- _The task_
Begin at the line containing "then show ?thesis by (simp only:)" in the data below and go on through the line containing "(mat_mul n A", repeating each line exactly; include both ends and no other line.

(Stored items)
────────────────────────────────────────

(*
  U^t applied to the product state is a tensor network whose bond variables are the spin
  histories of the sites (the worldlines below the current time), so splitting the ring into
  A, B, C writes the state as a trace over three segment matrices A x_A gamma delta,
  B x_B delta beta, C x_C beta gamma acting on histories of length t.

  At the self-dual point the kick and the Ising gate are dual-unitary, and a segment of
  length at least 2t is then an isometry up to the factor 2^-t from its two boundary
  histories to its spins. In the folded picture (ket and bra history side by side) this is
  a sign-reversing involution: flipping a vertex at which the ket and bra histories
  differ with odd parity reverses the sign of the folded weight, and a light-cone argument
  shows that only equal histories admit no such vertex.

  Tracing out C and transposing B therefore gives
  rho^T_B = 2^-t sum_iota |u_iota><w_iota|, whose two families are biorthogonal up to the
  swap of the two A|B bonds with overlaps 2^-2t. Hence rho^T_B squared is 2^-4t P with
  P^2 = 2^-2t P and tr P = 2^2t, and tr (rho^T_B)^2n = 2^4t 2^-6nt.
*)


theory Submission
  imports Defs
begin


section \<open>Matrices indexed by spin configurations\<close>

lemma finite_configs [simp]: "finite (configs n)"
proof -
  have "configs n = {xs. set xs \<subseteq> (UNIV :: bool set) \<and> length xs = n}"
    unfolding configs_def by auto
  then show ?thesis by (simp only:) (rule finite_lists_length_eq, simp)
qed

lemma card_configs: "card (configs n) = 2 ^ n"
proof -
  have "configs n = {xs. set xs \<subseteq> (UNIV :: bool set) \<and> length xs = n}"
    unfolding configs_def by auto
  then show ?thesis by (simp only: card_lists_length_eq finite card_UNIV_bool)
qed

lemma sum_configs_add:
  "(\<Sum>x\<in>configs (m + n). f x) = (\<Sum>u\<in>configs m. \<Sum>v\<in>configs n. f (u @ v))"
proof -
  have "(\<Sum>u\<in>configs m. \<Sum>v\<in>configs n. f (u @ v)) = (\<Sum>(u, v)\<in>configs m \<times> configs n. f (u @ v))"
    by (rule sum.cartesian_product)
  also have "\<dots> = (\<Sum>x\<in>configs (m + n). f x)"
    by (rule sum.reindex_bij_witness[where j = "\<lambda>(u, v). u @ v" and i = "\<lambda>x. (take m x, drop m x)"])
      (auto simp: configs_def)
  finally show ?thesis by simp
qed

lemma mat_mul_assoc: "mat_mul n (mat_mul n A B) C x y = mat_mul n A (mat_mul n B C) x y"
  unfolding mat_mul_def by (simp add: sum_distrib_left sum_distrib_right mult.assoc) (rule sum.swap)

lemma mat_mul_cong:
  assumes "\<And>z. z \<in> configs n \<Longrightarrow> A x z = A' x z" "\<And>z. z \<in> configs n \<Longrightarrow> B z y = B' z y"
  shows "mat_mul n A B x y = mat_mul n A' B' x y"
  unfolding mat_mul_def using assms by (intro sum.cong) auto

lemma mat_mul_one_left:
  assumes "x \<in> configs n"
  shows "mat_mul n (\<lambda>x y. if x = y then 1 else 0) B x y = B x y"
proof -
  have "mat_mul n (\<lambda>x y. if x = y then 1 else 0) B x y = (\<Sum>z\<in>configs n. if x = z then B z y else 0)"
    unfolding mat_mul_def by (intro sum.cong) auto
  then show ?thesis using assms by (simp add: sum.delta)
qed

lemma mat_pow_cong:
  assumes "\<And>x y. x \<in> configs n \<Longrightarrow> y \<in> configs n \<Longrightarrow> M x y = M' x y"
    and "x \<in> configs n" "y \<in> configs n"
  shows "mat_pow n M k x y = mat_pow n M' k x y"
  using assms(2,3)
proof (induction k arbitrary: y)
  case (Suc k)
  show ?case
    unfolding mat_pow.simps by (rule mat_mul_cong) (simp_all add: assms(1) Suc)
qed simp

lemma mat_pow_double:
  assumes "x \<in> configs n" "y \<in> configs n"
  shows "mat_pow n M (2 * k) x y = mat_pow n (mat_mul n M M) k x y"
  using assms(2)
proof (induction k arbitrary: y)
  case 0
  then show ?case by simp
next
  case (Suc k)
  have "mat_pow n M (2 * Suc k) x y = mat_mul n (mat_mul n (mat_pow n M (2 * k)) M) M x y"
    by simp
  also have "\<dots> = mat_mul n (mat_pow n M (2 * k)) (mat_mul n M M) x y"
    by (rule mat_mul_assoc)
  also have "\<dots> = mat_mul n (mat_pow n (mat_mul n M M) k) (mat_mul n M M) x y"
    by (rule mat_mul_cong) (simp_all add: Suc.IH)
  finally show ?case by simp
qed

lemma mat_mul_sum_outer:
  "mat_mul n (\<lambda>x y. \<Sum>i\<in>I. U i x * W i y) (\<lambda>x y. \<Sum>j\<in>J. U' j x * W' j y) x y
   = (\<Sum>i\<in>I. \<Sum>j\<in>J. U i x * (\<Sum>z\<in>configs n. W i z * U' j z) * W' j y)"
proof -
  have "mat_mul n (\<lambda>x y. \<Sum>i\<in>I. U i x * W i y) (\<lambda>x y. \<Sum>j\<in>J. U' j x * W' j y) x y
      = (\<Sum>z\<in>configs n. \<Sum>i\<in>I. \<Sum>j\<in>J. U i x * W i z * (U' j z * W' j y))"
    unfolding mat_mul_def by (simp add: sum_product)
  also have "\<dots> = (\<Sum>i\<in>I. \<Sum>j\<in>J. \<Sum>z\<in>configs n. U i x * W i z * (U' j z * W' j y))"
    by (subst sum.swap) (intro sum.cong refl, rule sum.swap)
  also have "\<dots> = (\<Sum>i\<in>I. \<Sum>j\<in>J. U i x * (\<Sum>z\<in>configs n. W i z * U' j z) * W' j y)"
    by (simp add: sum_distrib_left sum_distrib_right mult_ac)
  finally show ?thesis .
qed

────────────────────────────────────────

- _Result for this exercise_
  then show ?thesis by (simp only:) (rule finite_lists_length_eq, simp)
qed

lemma card_configs: "card (configs n) = 2 ^ n"
proof -
  have "configs n = {xs. set xs \<subseteq> (UNIV :: bool set) \<and> length xs = n}"
    unfolding configs_def by auto
  then show ?thesis by (simp only: card_lists_length_eq finite card_UNIV_bool)
qed

lemma sum_configs_add:
  "(\<Sum>x\<in>configs (m + n). f x) = (\<Sum>u\<in>configs m. \<Sum>v\<in>configs n. f (u @ v))"
proof -
  have "(\<Sum>u\<in>configs m. \<Sum>v\<in>configs n. f (u @ v)) = (\<Sum>(u, v)\<in>configs m \<times> configs n. f (u @ v))"
    by (rule sum.cartesian_product)
  also have "\<dots> = (\<Sum>x\<in>configs (m + n). f x)"
    by (rule sum.reindex_bij_witness[where j = "\<lambda>(u, v). u @ v" and i = "\<lambda>x. (take m x, drop m x)"])
      (auto simp: configs_def)
  finally show ?thesis by simp
qed

lemma mat_mul_assoc: "mat_mul n (mat_mul n A B) C x y = mat_mul n A (mat_mul n B C) x y"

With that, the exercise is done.